Drone data supports the artificial worlds of autonomous vehicles
Simulations – especially those aimed at providing the closest possible representations of reality – are particularly important for attaining higher levels of autonomy in self-driving vehicles. Until a suitably large fleet of vehicles becomes available to provide this data, the biggest challenge is to obtain measurements and improve the accuracy of simulations. In addition to video and lidar data from the perspective of vehicles, a complete picture of driving data is required, covering a variety of traffic situations. One way to gather such traffic measurements is to conduct aerial surveillance using drones. The IT Designers Group, in which the Steinbeis Transfer Center for Software Engineering also plays an active role, has already gained experience with this method.

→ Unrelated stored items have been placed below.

(* For all integers $1\le t\le n$, both the $t$-path ideal $I_t(L_n)$ and its Alexander dual $I_t(L_n)^{\vee}$ are normally torsion-free ideals of $S=K[x_1,\ldots,x_n]$.
   Context: $K$ is a field, $S=K[x_1,\ldots,x_n]$. $L_n$ is the line graph on vertices $x_1,\ldots,x_n$ with edges $\{x_j,x_{j+1}\}$, $j=1,\ldots,n-1$. The $t$-path ideal is $I_t(L_n)=(u_1,\ldots,u_{n-t+1})$ with $u_i=x_ix_{i+1}\cdots x_{i+t-1}$. For a squarefree monomial ideal $I$ whose minimal generators are $x_{G_1},\ldots,x_{G_m}$ (with $x_G=\prod_{i\in G}x_i$), the Alexander dual $I^\vee$ is the ideal generated by all $x_C$ with $C\subseteq[n]$ satisfying $C\cap G_j\ne\emptyset$ for all $j$ (vertex covers). An ideal $I$ is normally torsion-free if $\mathrm{Ass}(S/I^s)=\mathrm{Ass}(S/I)$ for all $s\ge1$. *)

theory Defs
  imports "HOL-Library.Poly_Mapping"
begin

type_synonym 'k mpoly = "(nat \<Rightarrow>\<^sub>0 nat) \<Rightarrow>\<^sub>0 'k"

definition polyring :: "nat \<Rightarrow> 'k::field mpoly set" where
  "polyring n = {p. \<forall>m \<in> Poly_Mapping.keys p. Poly_Mapping.keys m \<subseteq> {1..n}}"

definition var :: "nat \<Rightarrow> 'k::field mpoly" where
  "var i = Poly_Mapping.single (Poly_Mapping.single i 1) 1"

definition xmon :: "nat set \<Rightarrow> 'k::field mpoly" where
  "xmon G = (\<Prod>i\<in>G. var i)"

definition gen_ideal :: "nat \<Rightarrow> 'k::field mpoly set \<Rightarrow> 'k mpoly set" where
  "gen_ideal n A = {p. \<exists>F c. finite F \<and> F \<subseteq> A \<and> (\<forall>a\<in>F. c a \<in> polyring n)
                           \<and> p = (\<Sum>a\<in>F. c a * a)}"

definition is_ideal :: "nat \<Rightarrow> 'k::field mpoly set \<Rightarrow> bool" where
  "is_ideal n I \<longleftrightarrow> I \<subseteq> polyring n \<and> 0 \<in> I \<and> (\<forall>a\<in>I. \<forall>b\<in>I. a + b \<in> I)
                    \<and> (\<forall>r\<in>polyring n. \<forall>a\<in>I. r * a \<in> I)"

definition is_prime_ideal :: "nat \<Rightarrow> 'k::field mpoly set \<Rightarrow> bool" where
  "is_prime_ideal n P \<longleftrightarrow> is_ideal n P \<and> P \<noteq> polyring n
     \<and> (\<forall>a\<in>polyring n. \<forall>b\<in>polyring n. a * b \<in> P \<longrightarrow> a \<in> P \<or> b \<in> P)"

definition ideal_pow :: "nat \<Rightarrow> 'k::field mpoly set \<Rightarrow> nat \<Rightarrow> 'k mpoly set" where
  "ideal_pow n I s = gen_ideal n {\<Prod>i<s. f i | f. \<forall>i<s. f i \<in> I}"

definition Ass :: "nat \<Rightarrow> 'k::field mpoly set \<Rightarrow> 'k mpoly set set" where
  "Ass n I = {P. is_prime_ideal n P \<and> (\<exists>f\<in>polyring n. P = {g \<in> polyring n. g * f \<in> I})}"

definition normally_torsion_free :: "nat \<Rightarrow> 'k::field mpoly set \<Rightarrow> bool" where
  "normally_torsion_free n I \<longleftrightarrow> (\<forall>s\<ge>1. Ass n (ideal_pow n I s) = Ass n I)"

definition path_ideal :: "nat \<Rightarrow> nat \<Rightarrow> 'k::field mpoly set" where
  "path_ideal n t = gen_ideal n {xmon {i..i+t-1} | i. 1 \<le> i \<and> i \<le> n - t + 1}"

text \<open>Alexander dual of the squarefree monomial ideal whose minimal generators are x_G, G in Gs:
generated by all x_C, C \<subseteq> [n], C meeting every G.\<close>
definition alexander_dual :: "nat \<Rightarrow> nat set set \<Rightarrow> 'k::field mpoly set" where
  "alexander_dual n Gs = gen_ideal n {xmon C | C. C \<subseteq> {1..n} \<and> (\<forall>G\<in>Gs. C \<inter> G \<noteq> {})}"

definition path_sets :: "nat \<Rightarrow> nat \<Rightarrow> nat set set" where
  "path_sets n t = {{i..i+t-1} | i. 1 \<le> i \<and> i \<le> n - t + 1}"

end

theory Submission
  imports Defs
begin

text \<open>Both ideals are squarefree monomial ideals whose minimal primes are generated by variables,
  \<open>P\<^sub>D = (x\<^sub>i : i \<in> D)\<close> for \<open>D\<close> in an antichain \<open>Ds\<close>. Each \<open>P\<^sub>D\<^sup>s\<close> is \<open>P\<^sub>D\<close>-primary, so the associated
  primes of \<open>\<Inter>\<^sub>D P\<^sub>D\<^sup>s\<close> are exactly the \<open>P\<^sub>D\<close>; hence the ideal is normally torsion-free once all its
  powers equal these symbolic powers. On monomials that equality is a packing property: an exponent
  vector of weight at least \<open>s\<close> on every \<open>D\<close> dominates a sum of \<open>s\<close> generator exponents.

  For the path ideal the generators are the windows \<open>{i..i+t-1}\<close> and \<open>Ds\<close> are the minimal window
  covers; windows are packed greedily, always taking the first window on which the weight is positive.
  For the Alexander dual the roles are exchanged and \<open>s\<close> covers are cut out of the prefix sums of the
  weight, one for each residue class modulo \<open>s\<close>.\<close>

abbreviation lookup where "lookup \<equiv> Poly_Mapping.lookup"
abbreviation keys where "keys \<equiv> Poly_Mapping.keys"
abbreviation single where "single \<equiv> Poly_Mapping.single"
lemma integral_min_sq_dist_equispaced_upper:
  assumes "finite S" "d \<ge> 0" "\<And>r. r \<le> N \<Longrightarrow> a + real r * d \<in> S"
  shows "integral {a..a + real N * d} (min_sq_dist S) \<le> real N * d^3 / 12"
  using assms(3)
proof (induction N)
  case 0
  then show ?case by simp
next
  case (Suc N)
  let ?t = "a + real N * d"
  have t: "?t \<in> S" "?t + d \<in> S"
    using Suc.prems[of N] Suc.prems[of "Suc N"] by (auto simp: algebra_simps)
  have "integral {?t..?t + d} (min_sq_dist S) \<le> integral {?t..?t + d} (min_sq_dist {?t, ?t + d})"
    using t assms(1,2) has_integral_min_sq_dist_pair[of ?t "?t + d"]
    by (intro integral_le integrable_min_sq_dist min_sq_dist_antimono) auto
  also have "\<dots> = d^3 / 12"
    using has_integral_min_sq_dist_pair[of ?t "?t + d"] assms(2) by (simp add: integral_unique)
  finally have "integral {?t..?t + d} (min_sq_dist S) \<le> d^3 / 12" .
  moreover have "integral {a..?t} (min_sq_dist S) \<le> real N * d^3 / 12"
    using Suc by auto
  moreover have "integral {a..?t} (min_sq_dist S) + integral {?t..?t + d} (min_sq_dist S)
      = integral {a..?t + d} (min_sq_dist S)"
    using t assms(1,2)
    by (intro Henstock_Kurzweil_Integration.integral_combine integrable_min_sq_dist) auto
  ultimately show ?case by (simp add: algebra_simps)
qed

lemma integral_eq_outside_subinterval:
  fixes f g :: "real \<Rightarrow> real"
  assumes "f integrable_on {c..d}" "g integrable_on {c..d}" "c \<le> a" "a \<le> b" "b \<le> d"
    and "\<And>x. x \<in> {c..d} \<Longrightarrow> x \<notin> {a<..<b} \<Longrightarrow> f x = g x"
  shows "integral {c..d} f - integral {a..b} f = integral {c..d} g - integral {a..b} g"
proof -
  have split: "integral {c..d} h = integral {c..a} h + integral {a..b} h + integral {b..d} h"
    if "h integrable_on {c..d}" for h :: "real \<Rightarrow> real"
  proof -
    have "h integrable_on {c..b}" by (rule integrable_subinterval_real[OF that]) (use assms in auto)
    then have "integral {c..b} h = integral {c..a} h + integral {a..b} h"
      using assms by (intro Henstock_Kurzweil_Integration.integral_combine[symmetric]) auto
    moreover have "integral {c..d} h = integral {c..b} h + integral {b..d} h"
      using that assms by (intro Henstock_Kurzweil_Integration.integral_combine[symmetric]) auto
    ultimately show ?thesis by simp
  qed
  have "integral {c..a} f = integral {c..a} g" "integral {b..d} f = integral {b..d} g"
    using assms by (auto intro!: Henstock_Kurzweil_Integration.integral_cong)
  then show ?thesis using split[OF assms(1)] split[OF assms(2)] by simp
qed

definition equispaced_interior :: "real \<Rightarrow> real \<Rightarrow> nat \<Rightarrow> real set" where
  "equispaced_interior a b p = (\<lambda>r. a + real r * ((b - a) / (real p + 1))) ` {1..p}"

definition regrid :: "real set \<Rightarrow> real \<Rightarrow> real \<Rightarrow> nat \<Rightarrow> real set" where
  "regrid S a b p = (S - {a<..<b}) \<union> equispaced_interior a b p"

lemma equispaced_interior_subset: "a < b \<Longrightarrow> equispaced_interior a b p \<subseteq> {a<..<b}"
proof
  fix y assume "a < b" "y \<in> equispaced_interior a b p"
  then obtain r where r: "1 \<le> r" "r \<le> p" "y = a + real r * ((b - a) / (real p + 1))"
    unfolding equispaced_interior_def by auto
  have "real r * ((b - a) / (real p + 1)) < (real p + 1) * ((b - a) / (real p + 1))"
    using r \<open>a < b\<close> by (intro mult_strict_right_mono) auto
  then show "y \<in> {a<..<b}" using r \<open>a < b\<close> by auto
qed

lemma card_equispaced_interior: "a < b \<Longrightarrow> card (equispaced_interior a b p) = p"
  unfolding equispaced_interior_def by (subst card_image) (auto simp: inj_on_def)

lemma equispaced_point_mem:
  assumes "r \<le> p + 1"
  shows "a + real r * ((b - a) / (real p + 1)) \<in> insert a (insert b (equispaced_interior a b p))"
proof -
  consider "r = 0" | "r = p + 1" | "r \<in> {1..p}" using assms by fastforce
  then show ?thesis
  proof cases
    case 2
    then show ?thesis by (simp add: field_simps)
  qed (auto simp: equispaced_interior_def)
qed

lemma finite_equispaced_interior [simp]: "finite (equispaced_interior a b p)"
  by (simp add: equispaced_interior_def)

lemma finite_regrid: "finite S \<Longrightarrow> finite (regrid S a b p)"
  by (simp add: regrid_def)

lemma regrid_Diff_gap: "a < b \<Longrightarrow> regrid S a b p - {a<..<b} = S - {a<..<b}"
  using equispaced_interior_subset[of a b p] by (auto simp: regrid_def)

lemma card_regrid:
  assumes "finite S" "a < b"
  shows "card (regrid S a b p) = card S - card (S \<inter> {a<..<b}) + p"
proof -
  have "card (regrid S a b p) = card (S - {a<..<b}) + card (equispaced_interior a b p)"
    unfolding regrid_def using assms equispaced_interior_subset[OF assms(2)]
    by (intro card_Un_disjoint) auto
  then show ?thesis
    using assms by (simp add: card_Diff_subset_Int card_equispaced_interior)
qed

lemma integral_min_sq_dist_regrid_gap:
  assumes "finite S" "a < b" "a \<in> S" "b \<in> S"
  shows "integral {a..b} (min_sq_dist (regrid S a b p)) \<le> (b - a)^3 / (12 * (real p + 1)^2)"
proof -
  define d where "d = (b - a) / (real p + 1)"
  have "insert a (insert b (equispaced_interior a b p)) \<subseteq> regrid S a b p"
    using assms by (auto simp: regrid_def)
  then have "a + real r * d \<in> regrid S a b p" if "r \<le> p + 1" for r
    using equispaced_point_mem[OF that, of a b] unfolding d_def by blast
  then have "integral {a..a + real (p + 1) * d} (min_sq_dist (regrid S a b p))
      \<le> real (p + 1) * d^3 / 12"
    using assms by (intro integral_min_sq_dist_equispaced_upper finite_regrid) (auto simp: d_def)
  moreover have "a + real (p + 1) * d = b" by (simp add: d_def field_simps)
  moreover have "real (p + 1) * d^3 / 12 = (b - a)^3 / (12 * (real p + 1)^2)"
  proof -
    have "q * (L / q)^3 / 12 = L^3 / (12 * q^2)" if "q > 0" for q L :: real
      using that by (simp add: power_divide power2_eq_square power3_eq_cube)
    from this[of "real p + 1" "b - a"] show ?thesis by (simp add: d_def add.commute)
  qed
  ultimately show ?thesis by simp
qed

lemma integral_min_sq_dist_regrid:
  assumes "finite S" "a < b" "a \<in> S" "b \<in> S" "c \<le> a" "b \<le> d"
  shows "integral {c..d} (min_sq_dist (regrid S a b p))
    \<le> integral {c..d} (min_sq_dist S) - (b - a)^3 / (12 * (real (card (S \<inter> {a<..<b})) + 1)^2)
        + (b - a)^3 / (12 * (real p + 1)^2)"
proof -
  let ?S' = "regrid S a b p"
  have S': "finite ?S'" "a \<in> ?S'" "b \<in> ?S'" "?S' \<noteq> {}"
    using assms by (auto simp: regrid_def finite_regrid)
  have "integral {c..d} (min_sq_dist ?S') - integral {a..b} (min_sq_dist ?S')
      = integral {c..d} (min_sq_dist S) - integral {a..b} (min_sq_dist S)"
  proof (rule integral_eq_outside_subinterval)
    fix x assume "x \<notin> {a<..<b}"
    then show "min_sq_dist ?S' x = min_sq_dist S x"
      using min_sq_dist_remove_gap[OF S'(1-3)] min_sq_dist_remove_gap[OF assms(1,3,4)]
        regrid_Diff_gap[OF assms(2)] by metis
  qed (use assms S' in \<open>auto intro: integrable_min_sq_dist\<close>)
  then show ?thesis
    using integral_min_sq_dist_lower[OF assms(1) _ assms(3,4)] assms(2)
      integral_min_sq_dist_regrid_gap[OF assms(1-4), of p] by simp
qed
text \<open>
  Let \<open>v\<close> span \<open>V\<^sub>0\<close> and \<open>v\<^sub>j = B\<^sup>j v\<close>. The relation \<open>[A, B] = I\<close> gives
  \<open>A v\<^sub>j\<^sub>+\<^sub>1 = (j + 1) v\<^sub>j\<close>; since \<open>A\<close> maps \<open>V\<^sub>j\<^sub>+\<^sub>1\<close> onto \<open>V\<^sub>j \<noteq> 0\<close>, the integers \<open>1, \<dots>, d\<close>
  are nonzero in the field, while \<open>[A, B] = I\<close> applied to \<open>v\<^sub>d\<close>, where \<open>B v\<^sub>d = 0\<close>, gives
  \<open>d + 1 = 0\<close>. So \<open>d\<close> is even, and \<open>u = exp(-B\<^sup>2/2) v\<close>, a finite sum as \<open>B\<close> is nilpotent,
  is defined; it is nonzero and \<open>(A + B) u = 0\<close>, i.e. \<open>C u = 0\<close>.
  Since \<open>[C, A] = I\<close> and \<open>[C, B] = -I\<close>, the strings \<open>A\<^sup>i u\<close> and \<open>B\<^sup>i u\<close> are lowered by \<open>C\<close>
  with nonzero coefficients, hence linearly independent, and so span decompositions lowered
  by \<open>C\<close> and raised by \<open>A\<close>, resp. \<open>B\<close>. Reversing a decomposition exchanges lowering and
  raising, which turns the pair \<open>C, B\<close> into \<open>B, C\<close>.
\<close>

lemma linear_ops:
  assumes "Vector_Spaces.linear s s X"
  shows "X (x + y) = X x + X y" "X (s c x) = s c (X x)" "X 0 = 0" "X (- x) = - X x"
    "X (x - y) = X x - X y" "X (sum f S) = (\<Sum>i\<in>S. X (f i))"
proof -
  interpret Vector_Spaces.linear s s X by fact
  show "X (x + y) = X x + X y" "X (s c x) = s c (X x)" "X 0 = 0" "X (- x) = - X x"
    "X (x - y) = X x - X y" "X (sum f S) = (\<Sum>i\<in>S. X (f i))"
    by (simp_all add: add scale zero neg diff sum)
qed

lemma lowers_reverse:
  assumes "lowers d X Vs"
  shows "raises d X (\<lambda>i. Vs (d - i))"
  unfolding raises_def
proof (intro conjI allI impI)
  fix i assume "i < d"
  then have "1 \<le> d - i \<and> d - i \<le> d" "d - i - 1 = d - (i + 1)"
    by auto
  then show "X ` Vs (d - i) = Vs (d - (i + 1))"
    using assms unfolding lowers_def by metis
qed (use assms in \<open>simp add: lowers_def\<close>)

lemma raises_reverse:
  assumes "raises d Y Vs"
  shows "lowers d Y (\<lambda>i. Vs (d - i))"
  unfolding lowers_def
proof (intro conjI allI impI)
  fix i assume "1 \<le> i \<and> i \<le> d"
  then have "d - i < d" "d - (i - 1) = d - i + 1"
    by auto
  then show "Y ` Vs (d - i) = Vs (d - (i - 1))"
    using assms unfolding raises_def by metis
qed (use assms in \<open>simp add: raises_def\<close>)

lemma is_decomposition_reverse:
  assumes "is_decomposition scale d Vs"
  shows "is_decomposition scale d (\<lambda>i. Vs (d - i))"
proof -
  have "(\<lambda>i. d - i) ` {..d} = {..d}"
  proof
    show "{..d} \<subseteq> (\<lambda>i. d - i) ` {..d}"
    proof
      fix x assume "x \<in> {..d}"
      then have "x = d - (d - x)" "d - x \<in> {..d}"
        by auto
      then show "x \<in> (\<lambda>i. d - i) ` {..d}"
        by (rule image_eqI)
    qed
  qed auto
  then have union: "(\<Union>i\<le>d. Vs (d - i)) = (\<Union>i\<le>d. Vs i)"
    by (metis image_image)
  have direct: "\<And>g. \<forall>i\<le>d. g i \<in> Vs i \<Longrightarrow> (\<Sum>i\<le>d. g i) = 0 \<Longrightarrow> \<forall>i\<le>d. g i = 0"
    using assms unfolding is_decomposition_def by blast
  have direct_reverse: "f i = 0"
    if f: "\<forall>i\<le>d. f i \<in> Vs (d - i)" "(\<Sum>i\<le>d. f i) = 0" and "i \<le> d" for f i
  proof -
    have "\<forall>j\<le>d. f (d - j) \<in> Vs j"
    proof (intro allI impI)
      fix j assume "j \<le> d"
      from f(1) have "f (d - j) \<in> Vs (d - (d - j))"
        by simp
      with \<open>j \<le> d\<close> show "f (d - j) \<in> Vs j"
        by simp
    qed
    moreover have "(\<Sum>j\<le>d. f (d - j)) = 0"
      using f(2) sum.reindex_bij_witness[where i = "\<lambda>i. d - i" and j = "\<lambda>i. d - i"
          and S = "{..d}" and T = "{..d}" and h = f and g = "\<lambda>j. f (d - j)"]
      by auto
    ultimately have "\<forall>j\<le>d. f (d - j) = 0"
      by (rule direct)
    then have "f (d - (d - i)) = 0"
      by simp
    with \<open>i \<le> d\<close> show ?thesis
      by simp
  qed
  show ?thesis
    unfolding is_decomposition_def union
    using assms direct_reverse unfolding is_decomposition_def by auto
qed

lemma LR_pair_swap:
  assumes "LR_pair scale d X Y"
  shows "LR_pair scale d Y X"
proof -
  obtain Vs where "Vector_Spaces.linear scale scale X" "Vector_Spaces.linear scale scale Y"
    "is_decomposition scale d Vs" "lowers d X Vs" "raises d Y Vs"
    using assms unfolding LR_pair_def by blast
  then show ?thesis
    unfolding LR_pair_def
    using is_decomposition_reverse lowers_reverse raises_reverse by blast
qed

lemma even_if_of_nat_Suc_eq_0:
  fixes d :: nat
  assumes "\<And>j. 1 \<le> j \<Longrightarrow> j \<le> d \<Longrightarrow> of_nat j \<noteq> (0 :: 'a :: field)"
    and "of_nat (Suc d) = (0 :: 'a)" and "2 \<le> d"
  shows "even d"
proof (rule ccontr)
  assume "odd d"
  then have "even (Suc d)"
    by simp
  then obtain m where m: "Suc d = 2 * m"
    by (rule evenE)
  have "of_nat 2 \<noteq> (0 :: 'a)" "of_nat m \<noteq> (0 :: 'a)"
    using assms(1)[of 2] assms(1)[of m] m \<open>2 \<le> d\<close> by auto
  then have "of_nat (Suc d) \<noteq> (0 :: 'a)"
    unfolding m of_nat_mult by simp
  then show False
    using assms(2) by simp
qed

text \<open>The Taylor coefficients of \<open>exp(-x\<^sup>2/2)\<close>.\<close>

fun gauss_coeff :: "nat \<Rightarrow> 'a :: field" where
  "gauss_coeff 0 = 1"
| "gauss_coeff (Suc 0) = 0"
| "gauss_coeff (Suc (Suc j)) = - gauss_coeff j / of_nat (Suc (Suc j))"

lemma gauss_coeff_odd: "gauss_coeff (Suc (2 * k)) = 0"
  by (induction k) auto

context vector_space
begin

lemma linear_funpow:
  assumes "Vector_Spaces.linear scale scale X"
  shows "Vector_Spaces.linear scale scale (X ^^ k)"
proof (induction k)
  case 0
  show ?case by (simp add: linear_ident vector_space_axioms)
next
  case (Suc k)
  then show ?case
    unfolding funpow.simps(2) by (rule Vector_Spaces.linear_compose[OF _ assms])
qed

At AI Day 2021, Tesla demonstrated the considerable progress it has made with the development of its driving strategy module. To develop its existing driving strategy system, as well as a new AI-based planning system, it uses a 3D artificial training environment. The training data it requires for this is collected from its fleet of sold vehicles, which according to company sources currently comprises over 1.5 million vehicles. This makes it possible to query and collect data for more challenging driving situations. This is a particularly useful way to improve the detection rate of rare incidents with the potential to jeopardize safe automated driving. The data collection process is currently the most straightforward method available, and in all likelihood it will also be used to provide suitable data for uncommon traffic situations – assuming sufficient vehicles are available for taking measurements.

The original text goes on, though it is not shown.